— Dataset excerpts —
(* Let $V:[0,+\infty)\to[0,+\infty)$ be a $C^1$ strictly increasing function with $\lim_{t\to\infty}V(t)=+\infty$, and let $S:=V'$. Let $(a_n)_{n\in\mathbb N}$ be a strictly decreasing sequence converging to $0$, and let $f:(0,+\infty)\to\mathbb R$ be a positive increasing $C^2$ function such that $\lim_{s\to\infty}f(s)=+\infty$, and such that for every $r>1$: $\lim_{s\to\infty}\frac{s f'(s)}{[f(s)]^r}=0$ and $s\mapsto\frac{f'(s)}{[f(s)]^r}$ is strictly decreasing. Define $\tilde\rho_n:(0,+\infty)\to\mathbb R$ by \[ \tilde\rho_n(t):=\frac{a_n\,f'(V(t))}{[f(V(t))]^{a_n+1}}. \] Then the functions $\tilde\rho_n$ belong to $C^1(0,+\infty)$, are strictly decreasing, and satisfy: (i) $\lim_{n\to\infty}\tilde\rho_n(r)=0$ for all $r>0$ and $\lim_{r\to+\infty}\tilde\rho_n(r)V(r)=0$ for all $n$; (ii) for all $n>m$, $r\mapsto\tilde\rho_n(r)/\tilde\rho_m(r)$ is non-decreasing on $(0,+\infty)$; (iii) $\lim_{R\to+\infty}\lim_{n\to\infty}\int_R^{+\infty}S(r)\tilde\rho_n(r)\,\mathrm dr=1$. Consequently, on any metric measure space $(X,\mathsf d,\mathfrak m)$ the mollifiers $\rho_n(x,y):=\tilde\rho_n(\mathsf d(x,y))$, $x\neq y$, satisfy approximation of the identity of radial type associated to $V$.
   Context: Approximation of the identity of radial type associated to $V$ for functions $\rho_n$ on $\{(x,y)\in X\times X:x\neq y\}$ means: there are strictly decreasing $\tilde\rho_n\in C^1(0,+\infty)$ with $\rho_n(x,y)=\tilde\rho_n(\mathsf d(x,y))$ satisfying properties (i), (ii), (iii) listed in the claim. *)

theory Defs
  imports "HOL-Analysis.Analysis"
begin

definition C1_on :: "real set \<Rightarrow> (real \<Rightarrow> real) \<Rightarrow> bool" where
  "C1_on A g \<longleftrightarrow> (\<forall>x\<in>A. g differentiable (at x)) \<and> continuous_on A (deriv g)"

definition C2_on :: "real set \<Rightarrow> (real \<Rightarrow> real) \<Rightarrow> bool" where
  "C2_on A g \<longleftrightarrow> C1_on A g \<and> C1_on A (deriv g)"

--

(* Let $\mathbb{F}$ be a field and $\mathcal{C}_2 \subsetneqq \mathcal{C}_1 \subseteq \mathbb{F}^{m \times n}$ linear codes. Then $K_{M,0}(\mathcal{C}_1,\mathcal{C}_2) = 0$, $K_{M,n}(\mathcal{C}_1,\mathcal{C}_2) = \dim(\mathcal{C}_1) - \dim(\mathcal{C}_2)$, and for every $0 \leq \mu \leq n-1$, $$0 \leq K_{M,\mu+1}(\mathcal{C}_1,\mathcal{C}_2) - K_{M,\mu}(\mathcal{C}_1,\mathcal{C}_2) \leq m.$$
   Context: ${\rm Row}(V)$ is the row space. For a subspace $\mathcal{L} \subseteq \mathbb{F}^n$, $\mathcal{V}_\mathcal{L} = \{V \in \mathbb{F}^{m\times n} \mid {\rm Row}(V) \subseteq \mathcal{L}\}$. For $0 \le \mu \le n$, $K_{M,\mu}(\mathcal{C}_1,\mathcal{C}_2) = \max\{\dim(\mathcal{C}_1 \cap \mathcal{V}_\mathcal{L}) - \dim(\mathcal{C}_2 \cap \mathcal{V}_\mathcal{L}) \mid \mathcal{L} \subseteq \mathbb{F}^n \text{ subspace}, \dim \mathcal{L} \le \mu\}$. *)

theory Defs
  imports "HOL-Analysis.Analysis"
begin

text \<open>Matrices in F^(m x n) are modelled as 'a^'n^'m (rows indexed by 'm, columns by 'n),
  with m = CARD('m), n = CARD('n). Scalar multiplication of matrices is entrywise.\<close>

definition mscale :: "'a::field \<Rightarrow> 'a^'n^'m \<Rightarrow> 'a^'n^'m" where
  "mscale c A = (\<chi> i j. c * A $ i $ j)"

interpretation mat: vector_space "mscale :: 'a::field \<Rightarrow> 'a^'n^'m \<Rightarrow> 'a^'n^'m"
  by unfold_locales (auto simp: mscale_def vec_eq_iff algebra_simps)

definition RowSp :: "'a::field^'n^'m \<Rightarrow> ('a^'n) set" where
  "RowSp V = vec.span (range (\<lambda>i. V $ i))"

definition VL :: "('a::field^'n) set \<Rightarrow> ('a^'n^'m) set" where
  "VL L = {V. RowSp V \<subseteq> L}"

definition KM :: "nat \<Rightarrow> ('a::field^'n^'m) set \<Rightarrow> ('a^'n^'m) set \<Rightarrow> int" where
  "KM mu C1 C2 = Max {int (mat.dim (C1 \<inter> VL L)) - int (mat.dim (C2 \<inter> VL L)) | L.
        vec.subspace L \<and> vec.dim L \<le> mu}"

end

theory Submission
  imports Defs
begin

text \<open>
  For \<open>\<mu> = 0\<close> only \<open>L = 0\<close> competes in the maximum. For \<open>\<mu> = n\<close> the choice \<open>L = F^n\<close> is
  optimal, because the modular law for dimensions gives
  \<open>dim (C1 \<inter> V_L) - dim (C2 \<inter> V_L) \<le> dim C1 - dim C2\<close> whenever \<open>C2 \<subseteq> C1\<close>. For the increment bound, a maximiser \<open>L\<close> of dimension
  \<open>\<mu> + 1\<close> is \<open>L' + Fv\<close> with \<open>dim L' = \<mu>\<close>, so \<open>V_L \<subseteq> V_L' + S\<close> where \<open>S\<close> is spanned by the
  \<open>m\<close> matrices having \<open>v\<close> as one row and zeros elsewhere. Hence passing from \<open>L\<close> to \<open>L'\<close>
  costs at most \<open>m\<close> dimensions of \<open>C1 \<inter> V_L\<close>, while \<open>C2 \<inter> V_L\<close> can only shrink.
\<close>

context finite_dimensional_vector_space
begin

— What to produce —
Give back exactly the lines above, from the line containing "(C2 \<inter> VL L)) | L." through the line containing "optimal, because the", with both end lines and nothing more.

— Response to the task —
  "KM mu C1 C2 = Max {int (mat.dim (C1 \<inter> VL L)) - int (mat.dim (C2 \<inter> VL L)) | L.
        vec.subspace L \<and> vec.dim L \<le> mu}"

end

theory Submission
  imports Defs
begin

text \<open>
  For \<open>\<mu> = 0\<close> only \<open>L = 0\<close> competes in the maximum. For \<open>\<mu> = n\<close> the choice \<open>L = F^n\<close> is
  optimal, because the modular law for dimensions gives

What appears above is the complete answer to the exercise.